Please return the whole listing, character for character.
== Data to process ==
(* Let $\mathcal N(G,\pi,\mathbf p)$ be any feedforward network with shared weights and ReLU activations, and let $L$ be an objective depending on $\mathbf p$ only through the computed function $f_{\mathbf p}$. Consider the update rule $$p^{(t+1)}_{i} = p^{(t)}_{i} - \frac{\eta}{\kappa_{i}(\mathbf p^{(t)})} \frac{\partial L}{\partial p_{i}}(\mathbf p^{(t)}),\qquad \kappa_{i}(\mathbf p)=\frac{1}{2}\frac{\partial^2 \gamma^2_{\rm net}(\mathbf p)}{\partial p^2_{i}}.$$ This update is invariant to all feasible node-wise rescalings. Moreover, the simpler update rule obtained by using $\kappa^{(1)}_i(\mathbf p)$ in place of $\kappa_i(\mathbf p)$ is also invariant to all feasible node-wise rescalings.
   Context: A feedforward network with shared weights $\mathcal N(G,\pi,\mathbf p)$: $G=(V,E)$ is a directed acyclic graph with input nodes $V_{\rm in}$ and output nodes $V_{\rm out}$, $\mathbf p\in\mathbb R^m$, $\pi:E\to\{1,\dots,m\}$, edge $e$ has weight $w_e=p_{\pi(e)}$, and $E_i=\{e:\pi(e)=i\}$. Input nodes output the corresponding input coordinate; internal nodes compute $h_v=[\sum_{(u\to v)\in E}w_{u\to v}h_u]_+$ with $[z]_+=\max(z,0)$; output nodes compute $h_v=\sum_{(u\to v)\in E}w_{u\to v}h_u$; $f_{\mathbf p}$ is the resulting function. $\mathcal P$ is the set of directed paths $\zeta=(\zeta_0,\dots,\zeta_{\text{len}(\zeta)})$ from input to output nodes, and $\gamma^2_{\rm net}(\mathbf p)=\sum_{\zeta\in\mathcal P}\prod_{j=0}^{\text{len}(\zeta)-1}p^2_{\pi(\zeta_j\to\zeta_{j+1})}$. Also $\kappa^{(1)}_{i}(\mathbf p) = \sum_{e\in E_i}\sum_{\zeta \in \mathcal{P}} \mathbf 1_{e\in \zeta} \prod_{j:\, e\neq (\zeta_j\rightarrow \zeta_{j+1})} p^2_{\pi(\zeta_j\rightarrow \zeta_{j+1})}$. A node-wise rescaling is given by $\beta_v>0$ for internal nodes ($\beta_v=1$ for input and output nodes) and maps $w_{u\to v}\mapsto(\beta_v/\beta_u)w_{u\to v}$; it is feasible if edges sharing a parameter remain equal after the transformation, so it induces a transformation $\mathcal T$ of the parameter vector. An update rule $\mathcal A$ (mapping $\mathbf p^{(t)}$ to $\mathbf p^{(t+1)}$) is invariant to $\mathcal T$ if $f_{\mathcal A(\mathbf p)}=f_{\mathcal A(\mathcal T(\mathbf p))}$ for every $\mathbf p$. *)

theory Defs
  imports "HOL-Analysis.Analysis"
begin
===
**Reply:**
(* Let $\mathcal N(G,\pi,\mathbf p)$ be any feedforward network with shared weights and ReLU activations, and let $L$ be an objective depending on $\mathbf p$ only through the computed function $f_{\mathbf p}$. Consider the update rule $$p^{(t+1)}_{i} = p^{(t)}_{i} - \frac{\eta}{\kappa_{i}(\mathbf p^{(t)})} \frac{\partial L}{\partial p_{i}}(\mathbf p^{(t)}),\qquad \kappa_{i}(\mathbf p)=\frac{1}{2}\frac{\partial^2 \gamma^2_{\rm net}(\mathbf p)}{\partial p^2_{i}}.$$ This update is invariant to all feasible node-wise rescalings. Moreover, the simpler update rule obtained by using $\kappa^{(1)}_i(\mathbf p)$ in place of $\kappa_i(\mathbf p)$ is also invariant to all feasible node-wise rescalings.
   Context: A feedforward network with shared weights $\mathcal N(G,\pi,\mathbf p)$: $G=(V,E)$ is a directed acyclic graph with input nodes $V_{\rm in}$ and output nodes $V_{\rm out}$, $\mathbf p\in\mathbb R^m$, $\pi:E\to\{1,\dots,m\}$, edge $e$ has weight $w_e=p_{\pi(e)}$, and $E_i=\{e:\pi(e)=i\}$. Input nodes output the corresponding input coordinate; internal nodes compute $h_v=[\sum_{(u\to v)\in E}w_{u\to v}h_u]_+$ with $[z]_+=\max(z,0)$; output nodes compute $h_v=\sum_{(u\to v)\in E}w_{u\to v}h_u$; $f_{\mathbf p}$ is the resulting function. $\mathcal P$ is the set of directed paths $\zeta=(\zeta_0,\dots,\zeta_{\text{len}(\zeta)})$ from input to output nodes, and $\gamma^2_{\rm net}(\mathbf p)=\sum_{\zeta\in\mathcal P}\prod_{j=0}^{\text{len}(\zeta)-1}p^2_{\pi(\zeta_j\to\zeta_{j+1})}$. Also $\kappa^{(1)}_{i}(\mathbf p) = \sum_{e\in E_i}\sum_{\zeta \in \mathcal{P}} \mathbf 1_{e\in \zeta} \prod_{j:\, e\neq (\zeta_j\rightarrow \zeta_{j+1})} p^2_{\pi(\zeta_j\rightarrow \zeta_{j+1})}$. A node-wise rescaling is given by $\beta_v>0$ for internal nodes ($\beta_v=1$ for input and output nodes) and maps $w_{u\to v}\mapsto(\beta_v/\beta_u)w_{u\to v}$; it is feasible if edges sharing a parameter remain equal after the transformation, so it induces a transformation $\mathcal T$ of the parameter vector. An update rule $\mathcal A$ (mapping $\mathbf p^{(t)}$ to $\mathbf p^{(t+1)}$) is invariant to $\mathcal T$ if $f_{\mathcal A(\mathbf p)}=f_{\mathcal A(\mathcal T(\mathbf p))}$ for every $\mathbf p$. *)

theory Defs
  imports "HOL-Analysis.Analysis"
begin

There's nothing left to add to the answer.